Таня всегда быстро принимала решения. Так было и на этот раз. Вышвырнув все же в разбитое окно чемодан, Таня как могла быстро вылезла. К счастью, никто из бывших поблизости пассажиров этого не заметил. Подхватив ее, Коцик потащил Таню вниз, в какие-то кусты.
Снова раздался знакомый свист. Подтолкнув Таню за угол глинобитной хижины, Коцик заставил ее прыгнуть в какую-то яму, где уже сидел Топтыш.
— Пригнись, говорю! — хрипнул тот и сверху, над ямой, накинул на нее какую-то дерюгу, посыпанную сеном. Между краем ямы и дерюгой оставалась щель, сквозь которую можно было смотреть наружу, и, отряхнувшись и привстав, Таня осторожно выглянула и увидела здание вокзала.
Вокруг него началали активно бегать солдаты. Было странно видеть, как они окружали здание, менялись возле входа. Часто подъезжали и уезжали какие-то груженые телеги. Слышались обрывистые команды, но слов нельзя было разобрать.
— Что происходит? — спросила Таня.
— Молчи! — зашипел Коцик. — Знакомый кореш предупредил вовремя тикать! Пересидим до утра. Авось не заметят.
— Да что за... — Топтыш резко, по-мужски, ладонью зажал Тане рот. И было похоже, что он прав.
Оторвав с отвращением руку от своего рта, подняв глаза, она увидела, как ко входу в вокзал подкатили два пулемета и втолкнули их внутрь.
— Нет! — Тело Тани стала бить дрожь, — нет... нет... за что...
Страшные разрывы пулеметных очередей раскололи, разорвали на куски ее мир, и она в очередной раз поняла, на этот раз окончательно, что он — этот мир — больше никогда не будет прежним. Пулеметы все стреляли и стреляли в собранных в здании вокзала мирных людей, и их предсмертные вопли тонули в этом металлическом грохоте. Пулеметы стреляли долго, так, что порох проник под рогожу и забил ноздри Тани. Потом все стихло...
После расстрела, погрузившись в поезд, красные уехали со станции. К рассвету вокруг не осталось никого. Лишь тогда Таня, Коцик и Топтыш вылезли из ямы.
— Не ходи туда, — мрачно сказал Топтыш, глядя на лицо Тани, — это видеть не надо. Пробираться в Одессу будем. Обратно. Все равно больше не проскочим.

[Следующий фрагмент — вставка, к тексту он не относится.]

(* Let $i\ge 3$ and $k\ge 3$ be integers. Then: (a) $n_2(F_i,F_{i+2},F_{i+k})=\tfrac12\bigl(5F_iF_{i+2}-F_i-F_{i+2}+1\bigr)$ whenever $k\ge i+3$; (b) $n_2(F_i,F_{i+2},F_{2i+2})=\tfrac12\bigl((7F_{i+2}-6F_i-1)F_i-F_{i+2}+1\bigr)$; (c) $n_2(F_i,F_{i+2},F_{2i+1})=\tfrac12\bigl((7F_{i+2}-8F_i-1)F_i-F_{i+2}+1\bigr)$; (d) $n_2(F_i,F_{i+2},F_{2i})=\tfrac12\bigl(3F_iF_{i+2}-F_i-F_{i+2}+1\bigr)$; (e) $n_2(F_i,F_{i+2},F_{2i-1})=\tfrac12\bigl((170F_i-1)F_i+(24F_{i+2}-125F_i-1)F_{i+2}+1\bigr)$; (f) if $r=\lfloor (F_i-1)/F_k\rfloor\ge 2$ (equivalently $k\le i-2$), then $$n_2(F_i,F_{i+2},F_{i+k})=\tfrac12\bigl((F_i+4F_k-1)F_{i+2}-F_i+1\bigr)-\tfrac12\bigl(2rF_i-(r+3)(r-2)F_k\bigr)F_{k-2}.$$
   Context: Fibonacci numbers: $F_0=0$, $F_1=1$, $F_n=F_{n-1}+F_{n-2}$. For positive integers $a_1,\dots,a_l$ with $\gcd(a_1,\dots,a_l)=1$ and an integer $n$, let $d(n;a_1,\dots,a_l)$ be the number of tuples $(x_1,\dots,x_l)$ of nonnegative integers with $a_1x_1+\dots+a_lx_l=n$. For a nonnegative integer $p$, the $p$-Sylvester number $n_p(a_1,\dots,a_l)$ is the number of nonnegative integers $n$ with $d(n;a_1,\dots,a_l)\le p$. *)

theory Defs
  imports "HOL-Number_Theory.Fib"
begin

definition num_reps :: "nat \<Rightarrow> nat list \<Rightarrow> nat" where
  "num_reps n as = card {xs :: nat list. length xs = length as \<and>
      (\<Sum>j<length as. as ! j * xs ! j) = n}"

definition sylvester_p :: "nat \<Rightarrow> nat list \<Rightarrow> nat" where
  "sylvester_p p as = card {n :: nat. num_reps n as \<le> p}"

end

(*
  Put a = F_i and b = F_(i+2), which are coprime, and write the third generator as
  c = alpha * b - beta * a.  Every n >= 0 is uniquely n = b * s + a * u with 0 <= s < a and
  u >= -floor (b * s / a), and the representations of n correspond to the lattice points (z, m)
  with alpha * z <= s + a * m and weight b * m - beta * z <= u.  Hence d(n) <= 2 exactly when u
  lies below the third smallest weight w(s) in the residue class of s, and summing over s with
  sum floor (b * s / a) = (a - 1) * (b - 1) / 2 gives 2 * n_2 = (a - 1) * (b - 1) + 2 * sum w(s).
  The identity F_(i+k) = F_k * F_(i+2) - F_(k-2) * F_i supplies alpha and beta in each case of the
  theorem, and there the three lightest lattice points of every residue class can be listed.
*)

theory Submission
  imports Defs "HOL-Number_Theory.Cong"
begin

lemma zero_le_add_mult_iff:
  fixes A u :: int
  assumes "0 < a"
  shows "0 \<le> A + a * u \<longleftrightarrow> - (A div a) \<le> u"
proof -
  have "0 \<le> A + a * u \<longleftrightarrow> 0 \<le> (A + a * u) div a"
    by (rule pos_imp_zdiv_nonneg_iff[OF assms, symmetric])
  also have "(A + a * u) div a = A div a + u"
    using assms by simp
  finally show ?thesis by linarith
qed

lemma mult_div_le_less:
  fixes f n :: nat
  assumes "0 < f"
  shows "f * (n div f) \<le> n" and "n < f * (n div f) + f"
  using mult_div_mod_eq[of f n] mod_less_divisor[OF assms, of n] by linarith+

lemma sum_lessThan_split:
  fixes h :: "nat \<Rightarrow> 'a :: comm_monoid_add"
  assumes "A \<le> B"
  shows "(\<Sum>s<B. h s) = (\<Sum>s<A. h s) + (\<Sum>s\<in>{A..<B}. h s)"
  unfolding lessThan_atLeast0 using assms by (simp add: sum.atLeastLessThan_concat)

lemma sum_lessThan_shift:
  fixes h :: "nat \<Rightarrow> 'a :: ab_group_add"
  shows "(\<Sum>s<M. h (s + A)) = (\<Sum>s<A + M. h s) - (\<Sum>s<A. h s)"
  using sum_lessThan_split[of A "A + M" h] sum.shift_bounds_nat_ivl[of h 0 A M]
  by (simp add: lessThan_atLeast0 add.commute)

lemma sum_lessThan_if_le:
  fixes X Y :: "'a :: comm_semiring_1"
  assumes "e \<le> a"
  shows "(\<Sum>s<a. if e \<le> s then X else Y) = of_nat e * Y + of_nat (a - e) * X"
proof -
  have "(\<Sum>s<a. if e \<le> s then X else Y)
      = (\<Sum>s<e. if e \<le> s then X else Y) + (\<Sum>s\<in>{e..<a}. if e \<le> s then X else Y)"
    by (subst ivl_disj_un_one(2)[OF assms, symmetric], rule sum.union_disjoint) auto
  also have "(\<Sum>s<e. if e \<le> s then X else Y) = (\<Sum>s<e. Y)"
    by (rule sum.cong) auto
  also have "(\<Sum>s\<in>{e..<a}. if e \<le> s then X else Y) = (\<Sum>s\<in>{e..<a}. X)"
    by (rule sum.cong) auto
  finally show ?thesis
    by simp
qed

lemma div_add_div_complement:
  fixes a b s :: nat
  assumes "coprime a b" and "0 < s" and "s < a"
  shows "b * s div a + b * (a - s) div a = b - 1"
proof -
  have "\<not> a dvd b * s"
    using assms by (auto simp: coprime_dvd_mult_right_iff dest: dvd_imp_le)
  then have "\<not> int a dvd int b * int s"
    by (metis of_nat_dvd_iff of_nat_mult)
  have "int (b * (a - s) div a) = (- (int b * int s) + int b * int a) div int a"
    using assms by (simp add: zdiv_int algebra_simps)
  also have "\<dots> = int b + - (int b * int s) div int a"
    using assms by (intro div_mult_self1) simp
  also have "\<dots> = int b - int b * int s div int a - 1"
    using \<open>\<not> int a dvd int b * int s\<close> assms by (simp add: zdiv_zminus1_eq_if dvd_eq_mod_eq_0)
  finally have "int (b * (a - s) div a) = int b - int (b * s div a) - 1"
    by (simp add: zdiv_int)
  then show ?thesis
    by linarith
qed

lemma sum_div_coprime:
  fixes a b :: nat
  assumes "coprime a b"
  shows "2 * (\<Sum>s<a. b * s div a) = (a - 1) * (b - 1)"
proof (cases "a = 0")
  case False
  have "(\<Sum>s<a. b * s div a) = (\<Sum>s\<in>{1..<a}. b * s div a)"
    using False by (simp add: lessThan_atLeast0 sum.atLeast_Suc_lessThan)
  moreover have "(\<Sum>s\<in>{1..<a}. b * s div a) = (\<Sum>s\<in>{1..<a}. b * (a - s) div a)"
    by (subst sum.atLeastLessThan_rev) (rule sum.cong, auto)
  ultimately have "2 * (\<Sum>s<a. b * s div a) = (\<Sum>s\<in>{1..<a}. b * s div a + b * (a - s) div a)"
    by (simp add: sum.distrib)
  also have "\<dots> = (\<Sum>s\<in>{1..<a}. b - 1)"
    using div_add_div_complement[OF assms] by (intro sum.cong) auto
  finally show ?thesis by simp
qed simp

Это было правдой. После того, что произошло на станции, у них не было ни единого шанса проскользнуть сквозь линии всех фронтов. Другого выхода не было. Свернув на проселочную дорогу, окольными путями, прячась между домов, Коцик, Таня и Топтыш пошли обратно в Одессу...
Глава 3
Шторм разыгрался не на шутку. К ночи пенные валы с дикой свирепостью захлестывали мол, заливали жесткими солеными брызгами развалины крепостных стен. Ревущий ветер сбивал с ног. Редкие рыбачьи лодки в порту, привязанные к сваям за Карантинной гаванью, то уходили под воду, то появлялись на поверхности, чтобы снова нырнуть под белые гребни волн.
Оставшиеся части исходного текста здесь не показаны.